Its leaves are the most brilliant of greens in spring; Monty Don says that the colour makes his "eyes dance". The veins on each leaf are separated by a corrugated trough so that the leaf with its serrated edge looks a bit crinkled which gives the hedge an interesting texture. The trunks and bark of hornbeam are always well shaped and slightly ridged. In the autumn (unless it has been exceptionally dry) the leaves turn a clear yellow before becoming pale brown for the winter. If you trim the hedge in mid-summer the winter leaves will hold until next spring.
Hornbeam will thrive in most soils unless it is completely waterlogged all year, but prefers a well-drained rich soil. It will grow more slowly and a bit less luxuriantly, but happy nonetheless, in shade. In open, sunny conditions, it is fast-growing.
Hornbeam is as an excellent hedging plant. Saplings shoot up if well-watered, so within a year or two you will have a tight-knit, low hedge, and over a few more years the potential to possess a tall hedge. A solid, trimmed hornbeam hedge can stand alone in a formal garden with little to distract from it or can be used behind a mixed border to focus attention on the flowers by providing a consistent, green background.
Hornbeam responds well to training.
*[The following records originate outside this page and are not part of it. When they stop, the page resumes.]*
lemma strict_linear_order_on_converse:
  "strict_linear_order_on C R \<Longrightarrow> strict_linear_order_on C (R\<inverse>)"
  unfolding strict_linear_order_on_def trans_def irrefl_on_def total_on_def by blast

lemma strict_linear_order_on_flip_iff:
  assumes "strict_linear_order_on C R" "a \<in> C" "b \<in> C" "a \<noteq> b"
  shows "(b, a) \<in> R \<longleftrightarrow> (a, b) \<notin> R"
  using assms unfolding strict_linear_order_on_def trans_def irrefl_on_def total_on_def by blast

lemma strict_linear_order_on_Int_pair_eq:
  assumes "strict_linear_order_on C R" "strict_linear_order_on C' R'"
    and "a \<in> C" "b \<in> C" "a \<in> C'" "b \<in> C'" "a \<noteq> b"
    and "(a, b) \<in> R \<longleftrightarrow> (a, b) \<in> R'"
  shows "R \<inter> {a, b} \<times> {a, b} = R' \<inter> {a, b} \<times> {a, b}"
proof -
  have "(a, a) \<notin> R" "(b, b) \<notin> R" "(a, a) \<notin> R'" "(b, b) \<notin> R'"
    using assms(1,2) unfolding strict_linear_order_on_def irrefl_on_def by auto
  moreover have "(b, a) \<in> R \<longleftrightarrow> (b, a) \<in> R'"
    using strict_linear_order_on_flip_iff[OF assms(1,3,4,7)]
      strict_linear_order_on_flip_iff[OF assms(2,5,6,7)] assms(8) by blast
  ultimately show ?thesis
    using assms(8) by blast
qed

lemma card_prefers_add_card_prefers:
  assumes "finite J" "\<And>j. j \<in> J \<Longrightarrow> strict_linear_order_on C (B j)" "a \<in> C" "b \<in> C" "a \<noteq> b"
  shows "card {j \<in> J. (a, b) \<in> B j} + card {j \<in> J. (b, a) \<in> B j} = card J"
proof -
  have "J = {j \<in> J. (a, b) \<in> B j} \<union> {j \<in> J. (b, a) \<in> B j}"
    "{j \<in> J. (a, b) \<in> B j} \<inter> {j \<in> J. (b, a) \<in> B j} = {}"
    using strict_linear_order_on_flip_iff[OF assms(2) assms(3-5)] by auto
  then show ?thesis
    using assms(1) by (metis card_Un_disjoint finite_Un)
qed

lemma wf_profileD:
  assumes "wf_profile P"
  shows "finite (voters P)" "voters P \<noteq> {}" "finite (cands P)" "cands P \<noteq> {}"
  using assms unfolding wf_profile_def by auto

lemma wf_profile_ballotD:
  assumes "wf_profile P" "v \<in> voters P"
  shows "strict_linear_order_on (cands P) (ballot P v)" "ballot P v \<subseteq> cands P \<times> cands P"
  using assms unfolding wf_profile_def by auto

lemma wf_profile_ballot_outside: "wf_profile P \<Longrightarrow> v \<notin> voters P \<Longrightarrow> ballot P v = {}"
  unfolding wf_profile_def by auto

lemma wf_profileI:
  assumes "finite V" "V \<noteq> {}" "finite C" "C \<noteq> {}"
    and "\<And>v. v \<in> V \<Longrightarrow> strict_linear_order_on C (B v) \<and> B v \<subseteq> C \<times> C"
    and "\<And>v. v \<notin> V \<Longrightarrow> B v = {}"
  shows "wf_profile \<lparr>voters = V, cands = C, ballot = B\<rparr>"
  using assms unfolding wf_profile_def by auto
Use it to create tunnels, alleys or more commonly to act as a pleached hedge where the hedge part is raised above the bare trunks. Pleached hornbeam hedges are an elegant boundary wall that divides a garden into different 'rooms', without the enclosed feeling of evergreen hedges. Change the planting underneath the bare trunks: forget-me-nots and tulips in spring, small peonies for summer and lavender for late summer and autumn. Ham House has a good example of a tunnel of pleached hornbeam emerging from a low-growing yew hedge.
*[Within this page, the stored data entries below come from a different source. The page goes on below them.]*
text \<open>The unit \<eta> x : x \<rightarrow> U J x is positive, and U J x is always complete relative to H:
an H-arrow f : U J x \<rightarrow> b is split by U \<phi> \<circ> \<eta> b, where \<phi> : J b \<rightarrow> J x comes from the
terminality of (J x, \<eta> x), because the only endomorphism of U J x fixing \<eta> x is the identity.
If x admits a positive arrow g into an injective object z, extending g along \<eta> x and
composing with U (J g) \<circ> \<eta> z exhibits U J x as a retract of z, so U J x is injective;
a complete x is in turn a retract of U J x via \<eta> x. Injective objects are always complete.\<close>

lemma category_dom_cod:
  "category C \<Longrightarrow> f \<in> Arr C \<Longrightarrow> Dm C f \<in> Obj C \<and> Cd C f \<in> Obj C"
  unfolding category_def by blast

lemma category_id:
  "category C \<Longrightarrow> a \<in> Obj C \<Longrightarrow> Idn C a \<in> Arr C \<and> Dm C (Idn C a) = a \<and> Cd C (Idn C a) = a"
  unfolding category_def by blast

lemma category_comp:
  "category C \<Longrightarrow> f \<in> Arr C \<Longrightarrow> g \<in> Arr C \<Longrightarrow> Cd C f = Dm C g \<Longrightarrow>
    Cmp C g f \<in> Arr C \<and> Dm C (Cmp C g f) = Dm C f \<and> Cd C (Cmp C g f) = Cd C g"
  unfolding category_def by blast

lemma category_comp_id: "category C \<Longrightarrow> f \<in> Arr C \<Longrightarrow> Cmp C f (Idn C (Dm C f)) = f"
  unfolding category_def by blast

lemma category_id_comp: "category C \<Longrightarrow> f \<in> Arr C \<Longrightarrow> Cmp C (Idn C (Cd C f)) f = f"
  unfolding category_def by blast

lemma category_assoc:
  "category C \<Longrightarrow> f \<in> Arr C \<Longrightarrow> g \<in> Arr C \<Longrightarrow> h \<in> Arr C \<Longrightarrow>
    Cd C f = Dm C g \<Longrightarrow> Cd C g = Dm C h \<Longrightarrow> Cmp C h (Cmp C g f) = Cmp C (Cmp C h g) f"
  unfolding category_def by blast

lemma complete_rel_iff:
  assumes C: "category C" and x: "x \<in> Obj C" and "Idn C x \<in> H"
  shows "complete_rel C H x \<longleftrightarrow>
    (\<forall>f\<in>H. Dm C f = x \<longrightarrow> (\<exists>\<xi>\<in>Arr C. Dm C \<xi> = Cd C f \<and> Cd C \<xi> = x \<and> Cmp C \<xi> f = Idn C x))"
    (is "_ \<longleftrightarrow> ?retractions")
proof
  let ?D = "under_cat C H x"
  assume "complete_rel C H x"
  then have arrows_to_id: "\<exists>u\<in>Arr ?D. Dm ?D u = f \<and> Cd ?D u = Idn C x" if "f \<in> Obj ?D" for f
    using that unfolding complete_rel_def amphi_terminal_def by blast
  show ?retractions
  proof (intro ballI impI)
    fix f assume "f \<in> H" "Dm C f = x"
    then have "f \<in> Obj ?D" by (simp add: under_cat_def)
    then obtain u where "u \<in> Arr ?D" "Dm ?D u = f" "Cd ?D u = Idn C x"
      using arrows_to_id by blast
    then show "\<exists>\<xi>\<in>Arr C. Dm C \<xi> = Cd C f \<and> Cd C \<xi> = x \<and> Cmp C \<xi> f = Idn C x"
      using category_id[OF C x] by (auto simp: under_cat_def)
  qed
next
  let ?D = "under_cat C H x"
  assume ?retractions
  have "\<exists>u\<in>Arr ?D. Dm ?D u = f \<and> Cd ?D u = Idn C x" if "f \<in> Obj ?D" for f
  proof -
    have f: "f \<in> H" "Dm C f = x" using that by (auto simp: under_cat_def)
    with \<open>?retractions\<close> obtain \<xi> where
      "\<xi> \<in> Arr C" "Dm C \<xi> = Cd C f" "Cd C \<xi> = x" "Cmp C \<xi> f = Idn C x"
      by blast
    then have "(f, \<xi>, Idn C x) \<in> Arr ?D"
      using f assms category_id[OF C x] by (simp add: under_cat_def)
    then show ?thesis by (force simp: under_cat_def)
  qed
  moreover have "\<xi> = Cmp C \<xi> (Idn C x)" if "\<xi> \<in> Arr C" "Dm C \<xi> = x" for \<xi>
    using category_comp_id[OF C that(1)] that(2) by simp
  \<comment> \<open>hence a morphism of x \<down> C out of the identity is determined by its target\<close>
  then have "\<forall>y\<in>Obj ?D. \<forall>u\<in>Arr ?D. \<forall>v\<in>Arr ?D.
      Dm ?D u = Idn C x \<and> Cd ?D u = y \<and> Dm ?D v = Idn C x \<and> Cd ?D v = y \<longrightarrow> u = v"
    using category_id[OF C x] by (auto simp: under_cat_def)
  moreover have "Idn C x \<in> Obj ?D"
    using assms category_id[OF C x] by (simp add: under_cat_def)
  ultimately show "complete_rel C H x"
    unfolding complete_rel_def amphi_terminal_def by blast
qed

lemma injective_obj_retract:
  assumes C: "category C" and "P \<subseteq> Arr C" and y: "injective_obj C P y"
    and i: "i \<in> Arr C" "Dm C i = x" "Cd C i = y"
    and r: "r \<in> Arr C" "Dm C r = y" "Cd C r = x"
    and retraction: "Cmp C r i = Idn C x"
  shows "injective_obj C P x"
  unfolding injective_obj_def
proof (intro ballI impI)
  fix g f assume g: "g \<in> P" and f: "f \<in> Arr C" "Dm C f = Dm C g \<and> Cd C f = x"
  have "g \<in> Arr C" using g \<open>P \<subseteq> Arr C\<close> by blast
  have "Cmp C i f \<in> Arr C \<and> Dm C (Cmp C i f) = Dm C g \<and> Cd C (Cmp C i f) = y"
    using category_comp[OF C f(1) i(1)] f i by auto
  then obtain h where h: "h \<in> Arr C" "Dm C h = Cd C g" "Cd C h = y" "Cmp C h g = Cmp C i f"
    using y g unfolding injective_obj_def by metis
  have "Cmp C (Cmp C r h) g = Cmp C r (Cmp C h g)"
    using category_assoc[OF C \<open>g \<in> Arr C\<close> h(1) r(1)] h r by auto
  also have "\<dots> = Cmp C (Cmp C r i) f"
    using h(4) category_assoc[OF C f(1) i(1) r(1)] f i r by auto
  also have "\<dots> = f"
    using retraction f category_id_comp[OF C f(1)] by simp
  finally show "\<exists>h\<in>Arr C. Dm C h = Cd C g \<and> Cd C h = x \<and> Cmp C h g = f"
    using category_comp[OF C h(1) r(1)] h r by (intro bexI[of _ "Cmp C r h"]) auto
qed

lemma injective_obj_imp_complete_rel:
  assumes C: "category C" and "H \<subseteq> P" and x: "x \<in> Obj C" and "Idn C x \<in> H"
    and "injective_obj C P x"
  shows "complete_rel C H x"
  using assms category_id[OF C x]
  by (subst complete_rel_iff) (auto simp: injective_obj_def)

locale capacitor_structure =
  fixes C :: "('o, 'a) cat" and P H :: "'a set"
    and E :: "('p, 'b) cat" and Uo :: "'p \<Rightarrow> 'o" and Ua :: "'b \<Rightarrow> 'a"
    and J :: "'o \<Rightarrow> 'p" and \<eta> :: "'o \<Rightarrow> 'a" and Jp :: "'a \<Rightarrow> 'b"
  assumes monopole: "monopole C P"
    and H_refinement: "refinement (restrict_cat C P) H"
    and U_functor: "is_functor E C Uo Ua"
    and unit_terminal: "x \<in> Obj C \<Longrightarrow> terminal (under_functor C H E Uo Ua x) (J x, \<eta> x)"
    and J_functor: "is_functor (op_cat (restrict_cat C P)) E J Jp"
    and unit_natural: "f \<in> P \<Longrightarrow> Cmp C (Cmp C (Ua (Jp f)) (\<eta> (Cd C f))) f = \<eta> (Dm C f)"
    and unit_rigid: "\<lbrakk>x \<in> Obj C; h \<in> Arr C; Dm C h = Uo (J x); Cd C h = Uo (J x);
      Cmp C h (\<eta> x) = \<eta> x\<rbrakk> \<Longrightarrow> h = Idn C (Uo (J x))"

lemma capacitor_imp_capacitor_structure:
  assumes "monopole C P" and "capacitor C P H E Uo Ua"
  obtains J \<eta> Jp where "capacitor_structure C P H E Uo Ua J \<eta> Jp"
proof -
  obtain J \<eta> Jp where
    "\<forall>x\<in>Obj C. terminal (under_functor C H E Uo Ua x) (J x, \<eta> x)"
    "is_functor (op_cat (restrict_cat C P)) E J Jp"
    "\<forall>f\<in>P. Cmp C (Cmp C (Ua (Jp f)) (\<eta> (Cd C f))) f = \<eta> (Dm C f)"
    "\<forall>x\<in>Obj C. \<forall>h\<in>Arr C. Dm C h = Uo (J x) \<and> Cd C h = Uo (J x) \<and>
       Cmp C h (\<eta> x) = \<eta> x \<longrightarrow> h = Idn C (Uo (J x))"
    using assms(2) unfolding capacitor_def by (elim conjE exE) (rule that; assumption)
  with assms show thesis
    by (intro that[of J \<eta> Jp]) (simp add: capacitor_structure_def capacitor_def)
qed

context capacitor_structure
begin

lemma category: "category C"
  using monopole by (simp add: monopole_def)

lemma positive_arr: "P \<subseteq> Arr C"
  using monopole by (simp add: monopole_def refinement_def wide_subcat_def)

lemma H_positive: "H \<subseteq> P"
  and H_id: "a \<in> Obj C \<Longrightarrow> Idn C a \<in> H"
  and H_comp: "f \<in> H \<Longrightarrow> g \<in> H \<Longrightarrow> Cd C f = Dm C g \<Longrightarrow> Cmp C g f \<in> H"
  using H_refinement by (auto simp: refinement_def wide_subcat_def restrict_cat_def)

lemma H_arr: "f \<in> H \<Longrightarrow> f \<in> Arr C"
  using H_positive positive_arr by blast

lemma U_arr: "\<phi> \<in> Arr E \<Longrightarrow> Ua \<phi> \<in> Arr C \<and> Dm C (Ua \<phi>) = Uo (Dm E \<phi>) \<and> Cd C (Ua \<phi>) = Uo (Cd E \<phi>)"
  and U_obj: "c \<in> Obj E \<Longrightarrow> Uo c \<in> Obj C"
  using U_functor unfolding is_functor_def by auto

lemma J_arr: "f \<in> P \<Longrightarrow> Jp f \<in> Arr E \<and> Dm E (Jp f) = J (Cd C f) \<and> Cd E (Jp f) = J (Dm C f)"
  using J_functor unfolding is_functor_def by (auto simp: op_cat_def restrict_cat_def)

lemma unit: "x \<in> Obj C \<Longrightarrow> J x \<in> Obj E \<and> \<eta> x \<in> H \<and> Dm C (\<eta> x) = x \<and> Cd C (\<eta> x) = Uo (J x)"
  using unit_terminal unfolding terminal_def by (auto simp: under_functor_def)

lemma unit_universal:
  assumes x: "x \<in> Obj C" and "c \<in> Obj E" "g \<in> H" "Dm C g = x" "Cd C g = Uo c"
  obtains \<phi> where "\<phi> \<in> Arr E" "Dm E \<phi> = c" "Cd E \<phi> = J x" "Cmp C (Ua \<phi>) g = \<eta> x"
proof -
  let ?D = "under_functor C H E Uo Ua x"
  have "(c, g) \<in> Obj ?D" using assms by (simp add: under_functor_def)
  then obtain u where "u \<in> Arr ?D" "Dm ?D u = (c, g)" "Cd ?D u = (J x, \<eta> x)"
    using unit_terminal[OF x] unfolding terminal_def by blast
  then show ?thesis using that by (auto simp: under_functor_def)
qed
Hornbeam is not a specimen tree to grow as an ornamental in a small garden because it reaches 20 metres without difficulty! It does make for a great park or woodland tree, look at Hatfield and Epping Forests, and there are more specialised forms of it: Fastigiata with its wonderful, slim column of leaves is especially sought after and there is an American form, Carpinus caroliniana, whose leaves in Autumn go a zingy orange.
Features
It's not horrible at all, the hornbeam has been a highly valued tree for many years because of its strength. Hornbeam timber is the hardest grown in this country. There is a venerable tradition of hornbeam being used to create butcher's blocks, piano hammers and pulley blocks. It was often grown as wood 'pasture', leaving room for cattle to graze around the pollarded trees, which were pruned every few years for firewood and small objects like handles. The density is excellent for firewood and for making charcoal.
To see hornbeam at its most splendid, take a trip to Het Loo in Holland to see the Queen's garden, a labyrinth of covered walkways, caves and tunnels all fashioned from hornbeam grown over an oak trellis.
The best example of a pleached hornbeam hedge can be seen at Hidcote Gardens.